The progress in integrated-circuit (IC) technology since the late 1950s has enabled the realization of many brilliant electronic systems. These systems, such as computer equipment and peripherals, telecommunication devices, consumer electronics, and industrial electronics, have significantly improved the quality of life.

The fact that electronic equipment has increased in functionality and decreased in cost over the years is largely due to the successful miniaturization of semiconductor devices in IC chips. Such miniaturization is in turn dependent on the metallization process in IC fabrication.

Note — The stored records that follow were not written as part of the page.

(* For every process $Q$ there exist $k\ge 0$, processes $P_1,\ldots,P_k$, prefixes $\alpha_1,\ldots,\alpha_k$, a sequence of names $\vec c$, and sequences of names $\vec a_1,\ldots,\vec a_k$ (where $\vec c$ and each $\vec a_i$ may be empty) such that $$Q \equiv (\nu \vec c)\big((\vec a_1)\alpha_1.P_1 \mid (\vec a_2)\alpha_2.P_2 \mid \cdots \mid (\vec a_k)\alpha_k.P_k\big).$$
   Context: Let $\mathcal N$ be a countable set of names, ranged over by $a,b,c,x,y,z$. Processes are generated by $P,Q ::= 0 \mid P\mid Q \mid (\nu a)P \mid (a)P \mid \alpha.P$, where $(\nu a)P$ is name restriction (binding $a$), $(a)P$ is the authorization scope (meaning $P$ is authorized to act on channel $a$; here $a$ is not bound), and prefixes are $\alpha ::= \overline{a}\langle b\rangle$ (output of $b$ on $a$) $\mid a(x)$ (input on $a$, binding $x$ in the continuation) $\mid \overline{a}\langle\!\langle b\rangle\!\rangle$ (send the authorization for $b$ on $a$) $\mid a\langle\!\langle b\rangle\!\rangle$ (receive the authorization for $b$ on $a$; $b$ is not bound). $(\nu\vec c)P$ abbreviates $(\nu c_1)\cdots(\nu c_m)P$ and $(\vec a)P$ abbreviates $(a_1)\cdots(a_m)P$. Free names: $\mathrm{fn}(0)=\emptyset$, $\mathrm{fn}(P\mid Q)=\mathrm{fn}(P)\cup\mathrm{fn}(Q)$, $\mathrm{fn}((\nu a)P)=\mathrm{fn}(P)\setminus\{a\}$, $\mathrm{fn}((a)P)=\{a\}\cup\mathrm{fn}(P)$, $\mathrm{fn}(\overline{a}\langle b\rangle.P)=\mathrm{fn}(\overline{a}\langle\!\langle b\rangle\!\rangle.P)=\mathrm{fn}(a\langle\!\langle b\rangle\!\rangle.P)=\{a,b\}\cup\mathrm{fn}(P)$, $\mathrm{fn}(a(x).P)=\{a\}\cup(\mathrm{fn}(P)\setminus\{x\})$. Structural congruence $\equiv$ is the least congruence on processes satisfying: $P\mid 0\equiv P$; $P\mid Q\equiv Q\mid P$; $(P\mid Q)\mid R\equiv P\mid(Q\mid R)$; $(\nu a)0\equiv 0$; $(\nu a)(\nu b)P\equiv(\nu b)(\nu a)P$; $P\mid(\nu a)Q\equiv(\nu a)(P\mid Q)$ if $a\notin\mathrm{fn}(P)$; $P\equiv Q$ whenever $P$ and $Q$ are $\alpha$-convertible (renaming of bound names); $(a)(b)P\equiv(b)(a)P$; $(a)0\equiv 0$; $(a)(P\mid Q)\equiv(a)P\mid(a)Q$; $(a)(\nu b)P\equiv(\nu b)(a)P$ if $a\neq b$. An empty parallel composition ($k=0$) is read as $0$. *)

theory Defs
  imports Main
begin

type_synonym name = nat

datatype prefix =
    Out name name      (* a<b> : output of b on a *)
  | Inp name name      (* a(x) : input on a, binds x in continuation *)
  | AOut name name     (* a<<b>> : send authorization for b on a *)
  | AInp name name     (* a<<b>> : receive authorization for b on a; b not bound *)

datatype proc =
    PNil
  | Par proc proc
  | Res name proc
  | Auth name proc     (* (a) P, a not bound *)
  | Pre prefix proc

fun fn :: "proc \<Rightarrow> name set" where
  "fn PNil = {}"
| "fn (Par P Q) = fn P \<union> fn Q"
| "fn (Res a P) = fn P - {a}"
| "fn (Auth a P) = {a} \<union> fn P"
| "fn (Pre (Out a b) P) = {a, b} \<union> fn P"
| "fn (Pre (AOut a b) P) = {a, b} \<union> fn P"
| "fn (Pre (AInp a b) P) = {a, b} \<union> fn P"
| "fn (Pre (Inp a x) P) = {a} \<union> (fn P - {x})"

definition swapn :: "name \<Rightarrow> name \<Rightarrow> name \<Rightarrow> name" where
  "swapn a b c = (if c = a then b else if c = b then a else c)"

fun swap_pre :: "name \<Rightarrow> name \<Rightarrow> prefix \<Rightarrow> prefix" where
  "swap_pre a b (Out x y) = Out (swapn a b x) (swapn a b y)"
| "swap_pre a b (Inp x y) = Inp (swapn a b x) (swapn a b y)"
| "swap_pre a b (AOut x y) = AOut (swapn a b x) (swapn a b y)"
| "swap_pre a b (AInp x y) = AInp (swapn a b x) (swapn a b y)"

Metallization, which is the process to form metal or metal-like layers in IC structures, provides electrical connection between internal devices as well as contacts of the IC to the outside world, and has great impact on IC performance. When the device dimensions go down to the deep-submicron domain, the delay time attributed to interconnections will gradually take over as the dominant factor in the operating speed of the IC. The delay time will be reduced if the electrical resistance of the interconnections is lowered. Lower resistance will also lead to less heat dissipation. This allows devices to be packed more densely, hence, the size of the IC can be minimized.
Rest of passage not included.